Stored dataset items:
- - - -

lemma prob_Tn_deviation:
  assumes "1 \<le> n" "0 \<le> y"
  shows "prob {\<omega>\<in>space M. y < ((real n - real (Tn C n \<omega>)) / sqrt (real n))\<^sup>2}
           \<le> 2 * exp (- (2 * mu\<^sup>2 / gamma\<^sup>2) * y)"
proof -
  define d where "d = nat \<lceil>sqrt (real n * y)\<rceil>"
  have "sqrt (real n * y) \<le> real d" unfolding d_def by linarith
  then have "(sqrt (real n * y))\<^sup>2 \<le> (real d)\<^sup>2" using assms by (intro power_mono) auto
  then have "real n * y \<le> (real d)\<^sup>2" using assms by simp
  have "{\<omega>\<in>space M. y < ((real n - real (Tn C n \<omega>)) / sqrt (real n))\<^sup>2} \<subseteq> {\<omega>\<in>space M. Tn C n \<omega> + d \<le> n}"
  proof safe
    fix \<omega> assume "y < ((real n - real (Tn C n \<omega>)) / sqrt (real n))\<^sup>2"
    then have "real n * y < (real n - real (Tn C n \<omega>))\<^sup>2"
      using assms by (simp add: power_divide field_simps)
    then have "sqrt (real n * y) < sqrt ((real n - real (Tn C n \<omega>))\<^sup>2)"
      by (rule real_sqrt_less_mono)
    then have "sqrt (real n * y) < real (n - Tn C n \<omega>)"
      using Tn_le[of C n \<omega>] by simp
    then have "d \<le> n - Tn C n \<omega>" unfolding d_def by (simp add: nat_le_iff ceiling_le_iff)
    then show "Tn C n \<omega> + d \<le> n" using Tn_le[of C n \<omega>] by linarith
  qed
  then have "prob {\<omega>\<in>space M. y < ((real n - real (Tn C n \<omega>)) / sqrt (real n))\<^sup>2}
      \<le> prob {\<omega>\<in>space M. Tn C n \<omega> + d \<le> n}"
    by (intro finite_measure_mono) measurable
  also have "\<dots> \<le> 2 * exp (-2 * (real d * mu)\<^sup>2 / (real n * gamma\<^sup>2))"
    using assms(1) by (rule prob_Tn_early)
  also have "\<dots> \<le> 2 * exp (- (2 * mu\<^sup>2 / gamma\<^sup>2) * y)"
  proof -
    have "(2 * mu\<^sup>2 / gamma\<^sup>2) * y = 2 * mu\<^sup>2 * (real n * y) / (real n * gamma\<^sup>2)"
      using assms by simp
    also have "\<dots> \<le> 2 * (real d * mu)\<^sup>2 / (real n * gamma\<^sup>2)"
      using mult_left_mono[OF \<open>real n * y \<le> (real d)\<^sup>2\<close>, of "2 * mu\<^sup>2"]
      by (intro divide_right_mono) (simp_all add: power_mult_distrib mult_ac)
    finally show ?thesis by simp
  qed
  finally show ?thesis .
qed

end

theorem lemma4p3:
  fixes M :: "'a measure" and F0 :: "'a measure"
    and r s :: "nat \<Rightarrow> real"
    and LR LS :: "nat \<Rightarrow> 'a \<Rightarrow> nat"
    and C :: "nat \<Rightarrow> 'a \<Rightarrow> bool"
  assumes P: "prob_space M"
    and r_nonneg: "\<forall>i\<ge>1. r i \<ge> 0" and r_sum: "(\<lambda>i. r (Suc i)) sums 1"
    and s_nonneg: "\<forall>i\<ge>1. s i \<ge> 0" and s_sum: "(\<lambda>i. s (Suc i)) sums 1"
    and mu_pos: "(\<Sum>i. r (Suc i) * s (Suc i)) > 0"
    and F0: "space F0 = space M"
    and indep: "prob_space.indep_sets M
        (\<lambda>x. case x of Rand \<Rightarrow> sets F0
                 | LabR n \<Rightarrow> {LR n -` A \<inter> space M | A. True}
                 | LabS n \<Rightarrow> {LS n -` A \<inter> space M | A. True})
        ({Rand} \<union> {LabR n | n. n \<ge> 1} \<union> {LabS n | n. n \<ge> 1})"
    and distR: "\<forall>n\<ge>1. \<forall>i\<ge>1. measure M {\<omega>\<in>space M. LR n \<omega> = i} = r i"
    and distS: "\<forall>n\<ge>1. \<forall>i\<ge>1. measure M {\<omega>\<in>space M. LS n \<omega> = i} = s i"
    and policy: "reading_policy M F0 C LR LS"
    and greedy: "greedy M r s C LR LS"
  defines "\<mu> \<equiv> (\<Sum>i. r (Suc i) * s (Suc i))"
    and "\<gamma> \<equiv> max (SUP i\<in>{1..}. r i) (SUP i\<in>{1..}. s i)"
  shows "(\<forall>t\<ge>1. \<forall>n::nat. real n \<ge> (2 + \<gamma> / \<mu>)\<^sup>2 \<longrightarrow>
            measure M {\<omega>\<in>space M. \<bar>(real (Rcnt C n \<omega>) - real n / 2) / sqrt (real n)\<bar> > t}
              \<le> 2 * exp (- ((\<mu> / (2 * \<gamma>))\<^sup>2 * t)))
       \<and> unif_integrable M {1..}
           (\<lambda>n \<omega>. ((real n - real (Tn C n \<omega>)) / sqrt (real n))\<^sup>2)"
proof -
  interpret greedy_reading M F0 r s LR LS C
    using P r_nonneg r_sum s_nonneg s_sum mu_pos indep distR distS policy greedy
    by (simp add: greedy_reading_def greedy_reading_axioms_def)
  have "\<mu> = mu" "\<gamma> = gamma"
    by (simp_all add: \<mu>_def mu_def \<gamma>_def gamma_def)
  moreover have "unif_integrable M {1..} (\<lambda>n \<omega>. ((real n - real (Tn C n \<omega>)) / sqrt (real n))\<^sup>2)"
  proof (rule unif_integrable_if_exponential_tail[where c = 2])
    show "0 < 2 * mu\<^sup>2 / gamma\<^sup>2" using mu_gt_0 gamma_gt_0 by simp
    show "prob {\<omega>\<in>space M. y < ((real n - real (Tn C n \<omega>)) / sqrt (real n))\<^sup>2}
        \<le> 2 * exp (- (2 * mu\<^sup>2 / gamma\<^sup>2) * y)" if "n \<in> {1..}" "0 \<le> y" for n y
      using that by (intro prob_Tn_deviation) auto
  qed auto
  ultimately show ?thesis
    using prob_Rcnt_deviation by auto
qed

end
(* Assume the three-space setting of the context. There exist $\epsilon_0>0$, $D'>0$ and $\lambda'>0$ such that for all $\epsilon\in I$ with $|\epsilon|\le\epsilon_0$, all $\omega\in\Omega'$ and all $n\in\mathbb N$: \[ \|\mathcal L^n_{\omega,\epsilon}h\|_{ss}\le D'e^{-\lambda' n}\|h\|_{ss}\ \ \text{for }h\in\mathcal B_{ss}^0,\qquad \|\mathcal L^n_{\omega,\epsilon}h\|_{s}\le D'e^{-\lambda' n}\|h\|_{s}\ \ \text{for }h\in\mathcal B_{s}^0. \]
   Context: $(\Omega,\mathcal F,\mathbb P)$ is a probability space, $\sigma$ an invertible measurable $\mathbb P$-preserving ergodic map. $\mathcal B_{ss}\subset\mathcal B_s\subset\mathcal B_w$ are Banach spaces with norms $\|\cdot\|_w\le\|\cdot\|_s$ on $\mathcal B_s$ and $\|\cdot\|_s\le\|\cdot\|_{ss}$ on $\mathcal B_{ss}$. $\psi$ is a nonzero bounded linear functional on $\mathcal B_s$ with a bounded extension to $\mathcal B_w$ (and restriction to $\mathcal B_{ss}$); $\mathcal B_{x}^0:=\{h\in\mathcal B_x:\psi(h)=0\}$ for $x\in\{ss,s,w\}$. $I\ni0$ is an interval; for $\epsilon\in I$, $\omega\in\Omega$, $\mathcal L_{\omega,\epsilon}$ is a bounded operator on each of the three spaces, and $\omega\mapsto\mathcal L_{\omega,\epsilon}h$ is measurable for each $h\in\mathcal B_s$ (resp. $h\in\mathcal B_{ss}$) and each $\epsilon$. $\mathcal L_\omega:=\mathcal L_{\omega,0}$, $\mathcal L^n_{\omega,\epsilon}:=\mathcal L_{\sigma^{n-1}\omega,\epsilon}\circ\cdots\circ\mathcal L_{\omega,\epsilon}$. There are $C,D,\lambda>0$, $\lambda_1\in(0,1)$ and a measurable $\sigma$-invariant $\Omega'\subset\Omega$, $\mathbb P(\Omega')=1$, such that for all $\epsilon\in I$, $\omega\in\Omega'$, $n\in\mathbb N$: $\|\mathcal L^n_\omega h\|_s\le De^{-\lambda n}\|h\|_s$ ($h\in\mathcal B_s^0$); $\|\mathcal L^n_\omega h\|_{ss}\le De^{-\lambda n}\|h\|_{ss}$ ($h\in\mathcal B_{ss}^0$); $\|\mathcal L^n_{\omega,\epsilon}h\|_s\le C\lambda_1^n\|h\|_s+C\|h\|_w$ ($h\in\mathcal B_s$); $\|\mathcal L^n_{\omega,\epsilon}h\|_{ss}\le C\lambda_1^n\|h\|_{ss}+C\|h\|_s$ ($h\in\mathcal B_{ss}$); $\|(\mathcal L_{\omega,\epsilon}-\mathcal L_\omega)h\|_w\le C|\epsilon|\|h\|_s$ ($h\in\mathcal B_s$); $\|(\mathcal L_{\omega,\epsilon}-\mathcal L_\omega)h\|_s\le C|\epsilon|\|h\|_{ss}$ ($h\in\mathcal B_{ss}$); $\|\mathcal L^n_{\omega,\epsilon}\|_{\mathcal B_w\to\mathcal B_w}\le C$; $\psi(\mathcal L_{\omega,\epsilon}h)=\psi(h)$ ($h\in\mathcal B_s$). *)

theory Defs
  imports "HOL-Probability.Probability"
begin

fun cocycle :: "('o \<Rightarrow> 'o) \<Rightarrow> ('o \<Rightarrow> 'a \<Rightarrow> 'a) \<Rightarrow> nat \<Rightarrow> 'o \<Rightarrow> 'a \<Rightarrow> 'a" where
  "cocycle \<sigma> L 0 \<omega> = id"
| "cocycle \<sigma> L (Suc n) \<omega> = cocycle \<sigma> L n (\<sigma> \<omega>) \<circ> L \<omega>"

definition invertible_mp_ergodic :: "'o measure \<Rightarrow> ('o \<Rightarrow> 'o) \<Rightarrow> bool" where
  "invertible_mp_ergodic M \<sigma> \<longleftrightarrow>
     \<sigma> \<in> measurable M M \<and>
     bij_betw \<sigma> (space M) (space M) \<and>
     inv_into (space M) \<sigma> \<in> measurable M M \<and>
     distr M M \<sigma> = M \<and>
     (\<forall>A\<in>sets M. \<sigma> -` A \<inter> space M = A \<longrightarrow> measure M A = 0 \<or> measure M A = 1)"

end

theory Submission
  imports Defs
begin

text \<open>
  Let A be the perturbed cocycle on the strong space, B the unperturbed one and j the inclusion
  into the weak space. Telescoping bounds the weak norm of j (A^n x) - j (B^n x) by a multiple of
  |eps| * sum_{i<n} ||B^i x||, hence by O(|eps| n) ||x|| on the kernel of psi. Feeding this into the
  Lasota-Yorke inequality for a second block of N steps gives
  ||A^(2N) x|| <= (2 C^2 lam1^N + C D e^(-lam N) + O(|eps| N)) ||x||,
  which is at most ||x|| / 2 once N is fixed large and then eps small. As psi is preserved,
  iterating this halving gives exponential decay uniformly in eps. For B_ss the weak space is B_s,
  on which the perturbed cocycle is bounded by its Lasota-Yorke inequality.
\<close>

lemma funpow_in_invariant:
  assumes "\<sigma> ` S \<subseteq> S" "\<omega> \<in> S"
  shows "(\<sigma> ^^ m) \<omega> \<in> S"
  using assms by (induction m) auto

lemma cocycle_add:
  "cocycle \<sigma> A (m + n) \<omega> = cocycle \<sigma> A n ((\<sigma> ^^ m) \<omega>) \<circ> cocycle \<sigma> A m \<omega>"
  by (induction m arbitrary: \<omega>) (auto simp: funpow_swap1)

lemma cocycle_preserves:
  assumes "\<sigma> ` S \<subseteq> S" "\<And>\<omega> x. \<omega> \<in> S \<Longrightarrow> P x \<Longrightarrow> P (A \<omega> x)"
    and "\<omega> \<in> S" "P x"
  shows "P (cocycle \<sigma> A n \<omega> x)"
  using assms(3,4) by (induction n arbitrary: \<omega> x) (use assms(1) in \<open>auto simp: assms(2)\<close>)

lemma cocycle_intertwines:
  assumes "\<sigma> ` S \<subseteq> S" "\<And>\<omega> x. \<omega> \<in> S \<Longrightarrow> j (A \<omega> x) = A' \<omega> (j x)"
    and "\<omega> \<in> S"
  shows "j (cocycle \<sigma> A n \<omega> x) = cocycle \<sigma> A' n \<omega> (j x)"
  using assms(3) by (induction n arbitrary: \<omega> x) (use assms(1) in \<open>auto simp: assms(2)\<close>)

- - - -

**Work to be completed**
Please make an exact copy of the lines above from the line with "which is at" through the line with "by (induction m arbitrary: \<omega>)", both ends included.

**Solution**
  which is at most ||x|| / 2 once N is fixed large and then eps small. As psi is preserved,
  iterating this halving gives exponential decay uniformly in eps. For B_ss the weak space is B_s,
  on which the perturbed cocycle is bounded by its Lasota-Yorke inequality.
\<close>

lemma funpow_in_invariant:
  assumes "\<sigma> ` S \<subseteq> S" "\<omega> \<in> S"
  shows "(\<sigma> ^^ m) \<omega> \<in> S"
  using assms by (induction m) auto

lemma cocycle_add:
  "cocycle \<sigma> A (m + n) \<omega> = cocycle \<sigma> A n ((\<sigma> ^^ m) \<omega>) \<circ> cocycle \<sigma> A m \<omega>"
  by (induction m arbitrary: \<omega>) (auto simp: funpow_swap1)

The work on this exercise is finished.